EXERCISE AIM: Find "tendsto_const] filterlim_at_top_imp_at_infinity N_Suc)" and "qed (rule tendsto_const" in the records below. Copy the lines holding them and every line between, exactly, and no others.

BEGIN SOURCE DATA

lemma meanP_eq:
  assumes "\<And>m. 1 \<le> m \<Longrightarrow> 0 \<le> phi m" "0 < phi 1" "0 < \<theta>" "0 < n"
  shows "meanP phi \<theta> n k = real n * (1 - sigma_ratio phi \<theta> n k (n - 1))"
proof -
  have "real (nonempty n ks) = real n - real (card (empty_boxes n ks))" for ks
    using card_empty_boxes_le[of n ks] by (simp add: nonempty_eq_diff_empty_boxes of_nat_diff)
  then have "meanP phi \<theta> n k = real n * (\<Sum>ks\<in>configs n k. probK phi \<theta> n k ks)
      - (\<Sum>ks\<in>configs n k. probK phi \<theta> n k ks * real (card (empty_boxes n ks)))"
    by (simp add: meanP_def right_diff_distrib sum_subtractf sum_distrib_left mult_ac)
  then show ?thesis
    by (simp add: sum_probK_eq_1[of phi \<theta> n k, OF assms] expectation_card_empty_boxes right_diff_distrib)
qed

lemma second_moment_eq:
  assumes "\<And>m. 1 \<le> m \<Longrightarrow> 0 \<le> phi m" "0 < phi 1" "0 < \<theta>" "0 < n"
  shows "(\<Sum>ks\<in>configs n k. probK phi \<theta> n k ks * real (nonempty n ks) ^ 2)
       = real n ^ 2 + (1 - 2 * real n) * real n * sigma_ratio phi \<theta> n k (n - 1)
         + real n * (real n - 1) * sigma_ratio phi \<theta> n k (n - 2)"
proof -
  let ?z = "\<lambda>ks. card (empty_boxes n ks)"
  have "real (nonempty n ks) ^ 2 = real n ^ 2 + (1 - 2 * real n) * real (?z ks) + 2 * real (?z ks choose 2)"
    for ks
    using card_empty_boxes_le[of n ks] two_mult_choose_two[of "?z ks"]
    by (simp add: nonempty_eq_diff_empty_boxes of_nat_diff power2_eq_square algebra_simps)
  then have "(\<Sum>ks\<in>configs n k. probK phi \<theta> n k ks * real (nonempty n ks) ^ 2)
      = real n ^ 2 * (\<Sum>ks\<in>configs n k. probK phi \<theta> n k ks)
        + (1 - 2 * real n) * (\<Sum>ks\<in>configs n k. probK phi \<theta> n k ks * real (?z ks))
        + 2 * (\<Sum>ks\<in>configs n k. probK phi \<theta> n k ks * real (?z ks choose 2))"
    by (simp add: sum.distrib sum_distrib_left distrib_left mult_ac)
  also have "\<dots> = real n ^ 2 + (1 - 2 * real n) * (real n * sigma_ratio phi \<theta> n k (n - 1))
      + 2 * real (n choose 2) * sigma_ratio phi \<theta> n k (n - 2)"
    by (simp add: sum_probK_eq_1[of phi \<theta> n k, OF assms] expectation_card_empty_boxes
        binomial_moment_empty_boxes)
  finally show ?thesis
    using two_mult_choose_two[of n] by (simp add: algebra_simps)
qed
lemma window_ratio_tendsto_zero:
  assumes pos: "\<And>\<mu>. 0 < N \<mu>"
    and ratio: "filterlim (\<lambda>\<mu>. real (N (Suc \<mu>)) / real (N \<mu>)) at_top sequentially"
  shows "(\<lambda>\<mu>. real (nat \<lceil>sqrt (real (N \<mu>) * real (N (Suc \<mu>)))\<rceil>) / real (N (Suc \<mu>) - 1))
    \<longlonglongrightarrow> 0"
proof (rule tendsto_sandwich[where f = "\<lambda>_. 0"
      and h = "\<lambda>\<mu>. 2 * sqrt (real (N \<mu>) / real (N (Suc \<mu>))) + 2 / real (N (Suc \<mu>))"])
  have N_Suc: "filterlim (\<lambda>\<mu>. real (N (Suc \<mu>))) at_top sequentially"
    using filterlim_sequentially_Suc[of "\<lambda>\<mu>. real (N \<mu>)"] N_tendsto_at_top[OF pos ratio] by simp
  then have "\<forall>\<^sub>F \<mu> in sequentially. 2 \<le> real (N (Suc \<mu>))"
    unfolding filterlim_at_top by blast
  then show "\<forall>\<^sub>F \<mu> in sequentially.
      real (nat \<lceil>sqrt (real (N \<mu>) * real (N (Suc \<mu>)))\<rceil>) / real (N (Suc \<mu>) - 1)
        \<le> 2 * sqrt (real (N \<mu>) / real (N (Suc \<mu>))) + 2 / real (N (Suc \<mu>))"
  proof eventually_elim
    case (elim \<mu>)
    then have "real (N (Suc \<mu>) - 1) = real (N (Suc \<mu>)) - 1"
      by (simp add: of_nat_diff)
    then show ?case
      using elim pos[of \<mu>] by (simp only:) (rule ceiling_sqrt_div_le, simp_all)
  qed
  have "(\<lambda>\<mu>. 2 * sqrt (real (N \<mu>) / real (N (Suc \<mu>))) + 2 / real (N (Suc \<mu>)))
      \<longlonglongrightarrow> 2 * sqrt 0 + 0"
    by (intro tendsto_intros inverse_ratio_tendsto_zero[OF ratio]
        tendsto_divide_0[OF tendsto_const] filterlim_at_top_imp_at_infinity N_Suc)
  then show "(\<lambda>\<mu>. 2 * sqrt (real (N \<mu>) / real (N (Suc \<mu>))) + 2 / real (N (Suc \<mu>))) \<longlonglongrightarrow> 0"
    by simp
qed (rule tendsto_const | intro always_eventually allI divide_nonneg_nonneg of_nat_0_le_iff)+

lemma eventually_shorter_blocks_earlier:
  assumes pos: "\<And>\<mu>. 0 < N \<mu>"
    and ratio: "filterlim (\<lambda>\<mu>. real (N (Suc \<mu>)) / real (N \<mu>)) at_top sequentially"
  shows "\<forall>\<^sub>F \<mu> in sequentially. \<forall>\<nu>. N \<nu> < N (Suc \<mu>) \<longrightarrow> \<nu> \<le> \<mu> \<and> N \<nu> \<le> N \<mu>"
proof -
  obtain K where K: "\<And>\<mu>. K \<le> \<mu> \<Longrightarrow> 1 \<le> real (N (Suc \<mu>)) / real (N \<mu>)"
    using ratio unfolding filterlim_at_top eventually_sequentially by blast
  have mono: "N \<mu> \<le> N \<nu>" if "K \<le> \<mu>" "\<mu> \<le> \<nu>" for \<mu> \<nu>
    using \<open>\<mu> \<le> \<nu>\<close>
  proof (induction \<nu> rule: dec_induct)
    case (step \<nu>)
    with K[of \<nu>] pos[of \<nu>] that(1) show ?case
      by (simp add: le_divide_eq)
  qed simp
  define C where "C = Max (N ` {..K})"
  have "\<forall>\<^sub>F \<mu> in sequentially. real C \<le> real (N \<mu>)"
    using N_tendsto_at_top[OF pos ratio] unfolding filterlim_at_top by blast
  with eventually_ge_at_top[of K] show ?thesis
  proof eventually_elim
    case (elim \<mu>)
    show ?case
    proof (intro allI impI conjI)
      fix \<nu> assume less: "N \<nu> < N (Suc \<mu>)"
      show "\<nu> \<le> \<mu>"
        using mono[of "Suc \<mu>" \<nu>] less elim by (cases "\<nu> \<le> \<mu>") auto
      show "N \<nu> \<le> N \<mu>"
      proof (cases "\<nu> \<le> K")
        case True
        then have "N \<nu> \<le> C"
          unfolding C_def by (intro Max_ge) auto
        with elim show ?thesis by simp
      next
        case False
        with mono[of \<nu> \<mu>] \<open>\<nu> \<le> \<mu>\<close> show ?thesis by simp
      qed
    qed
  qed
qed

lemma eps_mult_le_eps_mult:
  assumes "decseq (eps N)" "\<nu> \<le> \<mu>" "N \<nu> \<le> N \<mu>"
  shows "eps N \<mu> * real (N \<nu>) \<le> eps N \<nu> * real (N \<mu>)"
proof -
  have "eps N \<mu> \<le> eps N \<nu>"
    using assms(1,2) unfolding decseq_def by blast
  then show ?thesis
    using assms(3) eps_nonneg[of N \<mu>] by (intro mult_mono) auto
qed

lemma eps_mult_sqrt:
  assumes "0 < N \<mu>" "0 < N (Suc \<mu>)"
  shows "eps N \<mu> * sqrt (real (N \<mu>) * real (N (Suc \<mu>))) = real (N \<mu>) / 2"
proof -
  have "sqrt (real (N \<mu>) / real (N (Suc \<mu>))) * sqrt (real (N \<mu>) * real (N (Suc \<mu>)))
      = sqrt (real (N \<mu>) * real (N \<mu>))"
    using assms by (simp add: real_sqrt_mult[symmetric])
  then show ?thesis
    unfolding eps_def by simp
qed

lemma half_le_Delta_window:
  assumes pos: "\<And>\<mu>. 0 < N \<mu>" and dec: "decseq (eps N)"
    and earlier: "\<forall>\<nu>. N \<nu> < N (Suc \<mu>) \<longrightarrow> \<nu> \<le> \<mu> \<and> N \<nu> \<le> N \<mu>"
  shows "1/2 \<le> Delta N (N (Suc \<mu>) - 1) (nat \<lceil>sqrt (real (N \<mu>) * real (N (Suc \<mu>)))\<rceil>)"
proof -
  have cost: "1/2 \<le> (\<Sum>\<nu>\<in>#F. eps N \<nu>)"
    if lower: "nat \<lceil>sqrt (real (N \<mu>) * real (N (Suc \<mu>)))\<rceil> \<le> (\<Sum>\<nu>\<in>#F. N \<nu>)"
      and upper: "(\<Sum>\<nu>\<in>#F. N \<nu>) \<le> N (Suc \<mu>) - 1" for F
  proof -
    have each: "eps N \<mu> * real (N \<nu>) \<le> eps N \<nu> * real (N \<mu>)" if "\<nu> \<in># F" for \<nu>
    proof (rule eps_mult_le_eps_mult[OF dec])
      have "N \<nu> \<le> (\<Sum>\<nu>\<in>#F. N \<nu>)"
        using multi_member_split[OF that] by auto
      with upper pos[of "Suc \<mu>"] show "\<nu> \<le> \<mu>" "N \<nu> \<le> N \<mu>"
        using earlier by auto
    qed
    have "eps N \<mu> * real (\<Sum>\<nu>\<in>#F. N \<nu>) = (\<Sum>\<nu>\<in>#F. eps N \<mu> * real (N \<nu>))"
      by (simp add: sum_mset_distrib_left multiset.map_comp o_def)
    also have "\<dots> \<le> (\<Sum>\<nu>\<in>#F. eps N \<nu> * real (N \<mu>))"
      using each by (rule sum_mset_mono)
    also have "\<dots> = (\<Sum>\<nu>\<in>#F. eps N \<nu>) * real (N \<mu>)"
      by (simp add: sum_mset_distrib_right multiset.map_comp o_def)
    finally have "eps N \<mu> * real (\<Sum>\<nu>\<in>#F. N \<nu>) \<le> (\<Sum>\<nu>\<in>#F. eps N \<nu>) * real (N \<mu>)" .
    moreover have "sqrt (real (N \<mu>) * real (N (Suc \<mu>))) \<le> real (\<Sum>\<nu>\<in>#F. N \<nu>)"
      using lower by linarith
    then have "eps N \<mu> * sqrt (real (N \<mu>) * real (N (Suc \<mu>))) \<le> eps N \<mu> * real (\<Sum>\<nu>\<in>#F. N \<nu>)"
      using eps_nonneg by (rule mult_left_mono)
    moreover have "eps N \<mu> * sqrt (real (N \<mu>) * real (N (Suc \<mu>))) = real (N \<mu>) / 2"
      by (intro eps_mult_sqrt pos)
    ultimately have "1/2 * real (N \<mu>) \<le> (\<Sum>\<nu>\<in>#F. eps N \<nu>) * real (N \<mu>)"
      by linarith
    then show ?thesis
      using pos[of \<mu>] by (simp add: mult_le_cancel_right_pos)
  qed
  have "ereal (1/2) \<le> Delta N (N (Suc \<mu>) - 1) (nat \<lceil>sqrt (real (N \<mu>) * real (N (Suc \<mu>)))\<rceil>)"
    by (rule ereal_le_Delta) (rule cost)
  then show ?thesis
    by (simp add: one_ereal_def)
qed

END SOURCE DATA

RESULT OF THE TASK:
        tendsto_divide_0[OF tendsto_const] filterlim_at_top_imp_at_infinity N_Suc)
  then show "(\<lambda>\<mu>. 2 * sqrt (real (N \<mu>) / real (N (Suc \<mu>))) + 2 / real (N (Suc \<mu>))) \<longlonglongrightarrow> 0"
    by simp
qed (rule tendsto_const | intro always_eventually allI divide_nonneg_nonneg of_nat_0_le_iff)+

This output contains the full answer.